Dalam waktu dekat, umat manusia telah mengembangkan teknologi canggih yang memungkinkan mereka melakukan perjalanan antar bintang. Misi perurkan dengan harapan menemukan planet yang layak huni. Namun, saat kru tiba setelah bertahun-tahun dalam cryosleep, mereka menemukan sinyal misterius dari peradaban asing, mengubah misi eksplorasi ini menjadi perjuangan bertahan hidup dan penemuan besar yang bisa mengubah nasib umat manusia
Karya ini diterbitkan atas izin NovelToon Rifky Ramadhan Official, isi konten hanyalah pandangan pribadi pembuatnya, tidak mewakili NovelToon sendiri
8
Bab 8: Menara Pengetahuan
Dataran luas di depan mereka membentang tanpa batas, dipenuhi dengan struktur geometris yang menjulang tinggi, seakan mengangkangi cakrawala. Di tengah semua itu, menara raksasa yang mereka lihat dari kejauhan tampak seperti penjaga abadi, memantau segalanya. Setiap langkah yang diambil oleh Elena dan kru terasa berat, seolah-olah atmosfer di tempat ini memiliki gravitasi yang berbeda.

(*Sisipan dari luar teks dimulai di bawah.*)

lemma skip_idx_permute:
  assumes \<pi>: "\<pi> permutes {0..B}" and "b \<le> B"
  obtains \<rho> where "\<rho> permutes {..<B}" "\<And>k. k < B \<Longrightarrow> skip_idx (\<pi> b) (\<rho> k) = \<pi> (skip_idx b k)"
proof
  have "\<pi> b \<le> B" using permutes_in_image[OF \<pi>] \<open>b \<le> B\<close> by simp
  note skip_\<pi>b = bij_betw_skip_idx[OF this] and skip_b = bij_betw_skip_idx[OF \<open>b \<le> B\<close>]
  have \<pi>_bij: "bij_betw \<pi> ({0..B} - {b}) ({0..B} - {\<pi> b})"
    using permutes_imp_bij[OF \<pi>] \<open>b \<le> B\<close> by (intro bij_betw_DiffI) (auto simp: bij_betw_def)
  define \<rho> where "\<rho> k = (if k < B then the_inv_into {..<B} (skip_idx (\<pi> b)) (\<pi> (skip_idx b k)) else k)" for k
  have "bij_betw (the_inv_into {..<B} (skip_idx (\<pi> b)) \<circ> \<pi> \<circ> skip_idx b) {..<B} {..<B}"
    by (rule bij_betw_trans[OF skip_b bij_betw_trans[OF \<pi>_bij bij_betw_the_inv_into[OF skip_\<pi>b]]])
  then have "bij_betw \<rho> {..<B} {..<B}"
    using bij_betw_cong[of "{..<B}" \<rho> "the_inv_into {..<B} (skip_idx (\<pi> b)) \<circ> \<pi> \<circ> skip_idx b"]
    by (simp add: \<rho>_def)
  then show "\<rho> permutes {..<B}"
    by (rule bij_imp_permutes) (simp add: \<rho>_def)
  show "skip_idx (\<pi> b) (\<rho> k) = \<pi> (skip_idx b k)" if "k < B" for k
  proof -
    have "\<pi> (skip_idx b k) \<in> {0..B} - {\<pi> b}"
      using bij_betwE[OF \<pi>_bij] bij_betwE[OF skip_b] that by blast
    then show ?thesis by (simp add: \<rho>_def that f_the_inv_into_f_bij_betw[OF skip_\<pi>b])
  qed
qed

definition loo_stat :: "nat \<Rightarrow> nat \<Rightarrow> (nat \<Rightarrow> 'r \<Rightarrow> real)
    \<Rightarrow> ((nat \<Rightarrow> real) \<Rightarrow> (nat \<Rightarrow> nat \<Rightarrow> real) \<Rightarrow> real) \<Rightarrow> (nat \<Rightarrow> 'r) \<Rightarrow> nat \<Rightarrow> real" where
  "loo_stat L B g Qt R b = Qt (\<lambda>l\<in>{..<L}. g l (R b)) (\<lambda>l\<in>{..<L}. \<lambda>k\<in>{..<B}. g l (R (skip_idx b k)))"

lemma loo_stat_cong:
  assumes "\<And>c. c \<le> B \<Longrightarrow> R c = R' c" "b \<le> B"
  shows "loo_stat L B g Qt R b = loo_stat L B g Qt R' b"
  unfolding loo_stat_def using assms skip_idx_le
  by (intro arg_cong2[where f = Qt] restrict_ext) auto

lemma loo_stat_permute:
  assumes Qt: "\<And>v Mat \<sigma>. \<sigma> permutes {..<B} \<Longrightarrow>
      Qt v (\<lambda>l\<in>{..<L}. \<lambda>k\<in>{..<B}. Mat l (\<sigma> k)) = Qt v (\<lambda>l\<in>{..<L}. \<lambda>k\<in>{..<B}. Mat l k)"
    and \<pi>: "\<pi> permutes {0..B}" and "b \<le> B"
    and R': "\<And>c. c \<le> B \<Longrightarrow> R' c = R (\<pi> c)"
  shows "loo_stat L B g Qt R' b = loo_stat L B g Qt R (\<pi> b)"
proof -
  obtain \<rho> where \<rho>: "\<rho> permutes {..<B}" "\<And>k. k < B \<Longrightarrow> skip_idx (\<pi> b) (\<rho> k) = \<pi> (skip_idx b k)"
    using skip_idx_permute[OF \<pi> \<open>b \<le> B\<close>] by blast
  have "(\<lambda>l\<in>{..<L}. \<lambda>k\<in>{..<B}. g l (R' (skip_idx b k)))
      = (\<lambda>l\<in>{..<L}. \<lambda>k\<in>{..<B}. g l (R (skip_idx (\<pi> b) (\<rho> k))))"
    by (intro restrict_ext) (simp add: \<rho>(2) R' skip_idx_le)
  then show ?thesis
    unfolding loo_stat_def using Qt[OF \<rho>(1)] R'[OF \<open>b \<le> B\<close>] by simp
qed

lemma borel_measurable_loo_stat:
  assumes g: "\<And>l. l < L \<Longrightarrow> g l \<in> borel_measurable borel"
    and Qt: "(\<lambda>z. Qt (fst z) (snd z)) \<in> borel_measurable
      (PiM {..<L} (\<lambda>_. borel) \<Otimes>\<^sub>M PiM {..<L} (\<lambda>_. PiM {..<B} (\<lambda>_. borel)))"
    and R: "\<And>c. c \<le> B \<Longrightarrow> R c \<in> borel_measurable N" and "b \<le> B"
  shows "(\<lambda>\<omega>. loo_stat L B g Qt (\<lambda>c. R c \<omega>) b) \<in> borel_measurable N"
proof -
  have gR: "(\<lambda>\<omega>. g l (R c \<omega>)) \<in> borel_measurable N" if "l < L" "c \<le> B" for l c
    using measurable_compose[OF R g] that by blast
  have "(\<lambda>\<omega>. \<lambda>l\<in>{..<L}. g l (R b \<omega>)) \<in> N \<rightarrow>\<^sub>M PiM {..<L} (\<lambda>_. borel)"
    by (rule measurable_restrict) (simp add: gR \<open>b \<le> B\<close>)
  moreover have "(\<lambda>\<omega>. \<lambda>l\<in>{..<L}. \<lambda>k\<in>{..<B}. g l (R (skip_idx b k) \<omega>))
      \<in> N \<rightarrow>\<^sub>M PiM {..<L} (\<lambda>_. PiM {..<B} (\<lambda>_. borel))"
    by (rule measurable_restrict, rule measurable_restrict) (simp add: gR skip_idx_le)
  ultimately have "(\<lambda>\<omega>. (\<lambda>l\<in>{..<L}. g l (R b \<omega>), \<lambda>l\<in>{..<L}. \<lambda>k\<in>{..<B}. g l (R (skip_idx b k) \<omega>)))
      \<in> N \<rightarrow>\<^sub>M PiM {..<L} (\<lambda>_. borel) \<Otimes>\<^sub>M PiM {..<L} (\<lambda>_. PiM {..<B} (\<lambda>_. borel))"
    by (rule measurable_Pair)
  from measurable_compose[OF this Qt] show ?thesis unfolding loo_stat_def by simp
qed

lemma prob_loo_rank_pvalue_le:
  fixes D :: "real measure" and \<Phi> :: "real^'n \<Rightarrow> 'r::topological_space"
  assumes D: "prob_space D" "sets D = sets borel"
    and \<Phi>: "\<Phi> \<in> borel_measurable borel"
    and g: "\<And>l. l < L \<Longrightarrow> g l \<in> borel_measurable borel"
    and Qt_meas: "(\<lambda>z. Qt (fst z) (snd z)) \<in> borel_measurable
      (PiM {..<L} (\<lambda>_. borel) \<Otimes>\<^sub>M PiM {..<L} (\<lambda>_. PiM {..<B} (\<lambda>_. borel)))"
    and Qt_sym: "\<And>v Mat \<sigma>. \<sigma> permutes {..<B} \<Longrightarrow>
      Qt v (\<lambda>l\<in>{..<L}. \<lambda>k\<in>{..<B}. Mat l (\<sigma> k)) = Qt v (\<lambda>l\<in>{..<L}. \<lambda>k\<in>{..<B}. Mat l k)"
    and "x \<ge> 0"
  defines "N \<equiv> PiM ({0..B} \<times> UNIV) (\<lambda>_. D)"
    and "G \<equiv> \<lambda>c v. loo_stat L B g Qt (\<lambda>c. \<Phi> (\<chi> i. v (c, i))) c"
  shows "{v \<in> space N. rank_pvalue B (\<lambda>c. G c v) 0 \<le> x} \<in> sets N"
    and "measure N {v \<in> space N. rank_pvalue B (\<lambda>c. G c v) 0 \<le> x} \<le> x"
proof -
  let ?I = "{0..B} \<times> (UNIV :: 'n set)" and ?t = "Transposition.transpose 0"
  define swap :: "nat \<Rightarrow> (nat \<times> 'n \<Rightarrow> real) \<Rightarrow> nat \<times> 'n \<Rightarrow> real"
    where "swap b v = (\<lambda>j\<in>?I. v (?t b (fst j), snd j))" for b v
  interpret N: prob_space N unfolding N_def using D by (intro prob_space_PiM) auto
  have t: "?t b permutes {0..B}" if "b \<le> B" for b
    using that by (intro permutes_swap_id) auto
  have G_meas: "G c \<in> borel_measurable N" if "c \<le> B" for c
  proof -
    have "(\<lambda>v. v (c', i)) \<in> borel_measurable N" if "c' \<le> B" for c' i
      unfolding N_def measurable_cong_sets[OF refl D(2), symmetric]
      using that by (intro measurable_component_singleton) simp
    then have "(\<lambda>v. \<Phi> (\<chi> i. v (c', i))) \<in> borel_measurable N" if "c' \<le> B" for c'
      using that by (intro measurable_compose[OF borel_measurable_vec_lambda \<Phi>])
    from borel_measurable_loo_stat[OF g Qt_meas this that] show ?thesis
      unfolding G_def by simp
  qed
  then have "(\<lambda>v. rank_pvalue B (\<lambda>c. G c v) 0) \<in> borel_measurable N"
    by (rule borel_measurable_rank_pvalue) simp_all
  from measurable_sets[OF this atMost_borel]
  show "{v \<in> space N. rank_pvalue B (\<lambda>c. G c v) 0 \<le> x} \<in> sets N"
    by (simp add: vimage_def Int_def conj_commute)
  show "measure N {v \<in> space N. rank_pvalue B (\<lambda>c. G c v) 0 \<le> x} \<le> x"
  proof (rule N.prob_rank_pvalue_le[where T = swap])
    show "swap b \<in> N \<rightarrow>\<^sub>M N" if "b \<le> B" for b
      unfolding N_def swap_def by (rule measurable_PiM_permute_blocks[OF t[OF that]])
    show "distr N N (swap b) = N" if "b \<le> B" for b
      unfolding N_def swap_def by (rule distr_PiM_permute_blocks[OF D(1) t[OF that]])
    show "G c (swap b v) = G (?t b c) v" if "b \<le> B" "c \<le> B" for b c v
      unfolding G_def
      by (rule loo_stat_permute[where Qt = Qt and L = L and B = B, OF Qt_sym t[OF that(1)] that(2)])
        (simp_all add: swap_def)
  qed (simp_all add: G_meas \<open>x \<ge> 0\<close>)
qed

theorem proposition1:
  fixes M :: "'w measure"
    and X :: "real^'p^'n" and Xall :: "real^'q^'n"
    and beta :: "real^'p" and sigma :: real
    and eps :: "'w \<Rightarrow> real^'n" and zeta :: "nat \<Rightarrow> 'w \<Rightarrow> real^'n"
    and B L :: nat
    and f :: "nat \<Rightarrow> real^'n \<Rightarrow> real^'q^'n \<Rightarrow> real"
    and Qt :: "(nat \<Rightarrow> real) \<Rightarrow> (nat \<Rightarrow> nat \<Rightarrow> real) \<Rightarrow> real"
    and x :: real
  assumes "prob_space M"
    and "CARD('p) < CARD('n)"
    and "sigma > 0"
    and "\<forall>i. distributed M lborel (\<lambda>\<omega>. eps \<omega> $ i) std_normal_density"
    and "\<forall>b\<in>{1..B}. \<forall>i. distributed M lborel (\<lambda>\<omega>. zeta b \<omega> $ i) std_normal_density"
    and "prob_space.indep_vars M (\<lambda>_. borel)
           (\<lambda>(b, i) \<omega>. (if b = 0 then eps \<omega> else zeta b \<omega>) $ i) ({0..B} \<times> UNIV)"
    and "\<forall>l<L. (\<lambda>z. f l (fst z) (snd z)) \<in> borel_measurable borel"
    and "(\<lambda>z. Qt (fst z) (snd z)) \<in> borel_measurable
           (PiM {..<L} (\<lambda>_. borel) \<Otimes>\<^sub>M PiM {..<L} (\<lambda>_. PiM {..<B} (\<lambda>_. borel)))"
    and "\<forall>v Mat \<pi>. \<pi> permutes {..<B} \<longrightarrow>
           Qt v (\<lambda>l\<in>{..<L}. \<lambda>k\<in>{..<B}. Mat l (\<pi> k)) = Qt v (\<lambda>l\<in>{..<L}. \<lambda>k\<in>{..<B}. Mat l k)"
    and "x \<in> {0..1}"
  shows "let y = (\<lambda>\<omega>. X *v beta + sigma *\<^sub>R eps \<omega>);
             R = (\<lambda>b \<omega>. if b = 0 then norm_resid X (y \<omega>) else norm_resid X (zeta b \<omega>));
             fv = (\<lambda>b \<omega>. \<lambda>l\<in>{..<L}. f l (R b \<omega>) Xall);
             fm = (\<lambda>b \<omega>. \<lambda>l\<in>{..<L}. \<lambda>k\<in>{..<B}. f l (R (skip_idx b k) \<omega>) Xall);
             Qb = (\<lambda>b \<omega>. Qt (fv b \<omega>) (fm b \<omega>));
             Q = (\<lambda>\<omega>. (1 + real (card {b \<in> {1..B}. Qb b \<omega> \<ge> Qb 0 \<omega>})) / (real B + 1))
         in measure M {\<omega> \<in> space M. Q \<omega> \<le> x} \<le> x"
proof -
  \<comment> \<open>The rank condition on X is not needed: it only makes the residuals nonzero almost surely,
    and a zero residual is harmlessly sent to 0 by the junk value 1 / 0 = 0.\<close>
  interpret prob_space M by fact
  define g where "g l r = f l r Xall" for l r
  define Rs where "Rs b \<omega> = (if b = 0 then norm_resid X (X *v beta + sigma *\<^sub>R eps \<omega>)
    else norm_resid X (zeta b \<omega>))" for b \<omega>
  define Z where "Z = (\<lambda>(b, i) \<omega>. (if b = 0 then eps \<omega> else zeta b \<omega>) $ i)"
  define V where "V \<omega> = (\<lambda>j\<in>{0..B} \<times> UNIV. Z j \<omega>)" for \<omega>
  define N where "N = PiM ({0..B} \<times> (UNIV :: 'n set)) (\<lambda>_. density lborel std_normal_density)"
  define G where "G c v = loo_stat L B g Qt (\<lambda>c. norm_resid X (\<chi> i. v (c, i))) c" for c v
  have "distributed M lborel (Z (c, i)) std_normal_density" if "c \<le> B" for c i
    using that assms(4,5) by (cases "c = 0") (auto simp: Z_def)
  then have "\<And>j. j \<in> {0..B} \<times> UNIV \<Longrightarrow> distributed M lborel (Z j) std_normal_density"
    by auto
  then have V: "V \<in> M \<rightarrow>\<^sub>M N" and law: "distr M N V = N"
    unfolding N_def V_def using distr_indep_vars_PiM_density[OF assms(6)[folded Z_def]] by auto
  have "prob_space (density lborel std_normal_density)"
    using prob_space_normal_density[of 1 0] by simp
  from prob_loo_rank_pvalue_le[OF this _ borel_measurable_norm_resid[of X] _ assms(8) assms(9)[rule_format],
      where g = g and x = x, folded N_def]
  have test: "{v \<in> space N. rank_pvalue B (\<lambda>c. G c v) 0 \<le> x} \<in> sets N"
    "measure N {v \<in> space N. rank_pvalue B (\<lambda>c. G c v) 0 \<le> x} \<le> x"
    using assms(7,10) borel_measurable_fix_snd unfolding G_def g_def by auto
  have Q_eq: "(1 + real (card {b \<in> {1..B}. loo_stat L B g Qt (\<lambda>c. Rs c \<omega>) b \<ge> loo_stat L B g Qt (\<lambda>c. Rs c \<omega>) 0}))
      / (real B + 1) = rank_pvalue B (\<lambda>c. G c (V \<omega>)) 0" for \<omega>
  proof -
    have "(\<chi> i. V \<omega> (c, i)) = (if c = 0 then eps \<omega> else zeta c \<omega>)" if "c \<le> B" for c
      using that by (simp add: V_def Z_def vec_eq_iff)
    then have "Rs c \<omega> = norm_resid X (\<chi> i. V \<omega> (c, i))" if "c \<le> B" for c
      using that by (simp add: Rs_def norm_resid_affine[OF assms(3)])
    then have "loo_stat L B g Qt (\<lambda>c. Rs c \<omega>) c = G c (V \<omega>)" if "c \<le> B" for c
      unfolding G_def using that by (intro loo_stat_cong) auto
    moreover have "{1..B} = {0..B} - {0::nat}" by auto
    ultimately show ?thesis unfolding rank_pvalue_def by (auto intro!: arg_cong[where f = card])
  qed
  have "measure M {\<omega> \<in> space M. rank_pvalue B (\<lambda>c. G c (V \<omega>)) 0 \<le> x} \<le> x"
    using measure_Collect_distr[OF V law test(1)] test(2) by simp
  then show ?thesis
    unfolding Q_eq[symmetric] unfolding Let_def loo_stat_def g_def Rs_def .
qed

“Aku belum pernah melihat apa pun seperti ini,” gumam Anya, suaranya bergetar antara kekaguman dan ketakutan.
Samuel memindai udara dengan alatnya. "Lingkungan di sini... aneh. Terasa seperti campuran antara energi biologis dan teknologi. Seolah-olah seluruh ekosistem diatur oleh sistem yang sangat maju."
"Kau pikir tempat ini hidup?" Mark bertanya sambil menyeka keringat dari dahinya.
Samuel mengangguk. "Bukan dalam arti biologis seperti yang kita pahami. Tapi mungkin lebih ke arah makhluk teknologi yang terintegrasi ke lingkungan sekitarnya."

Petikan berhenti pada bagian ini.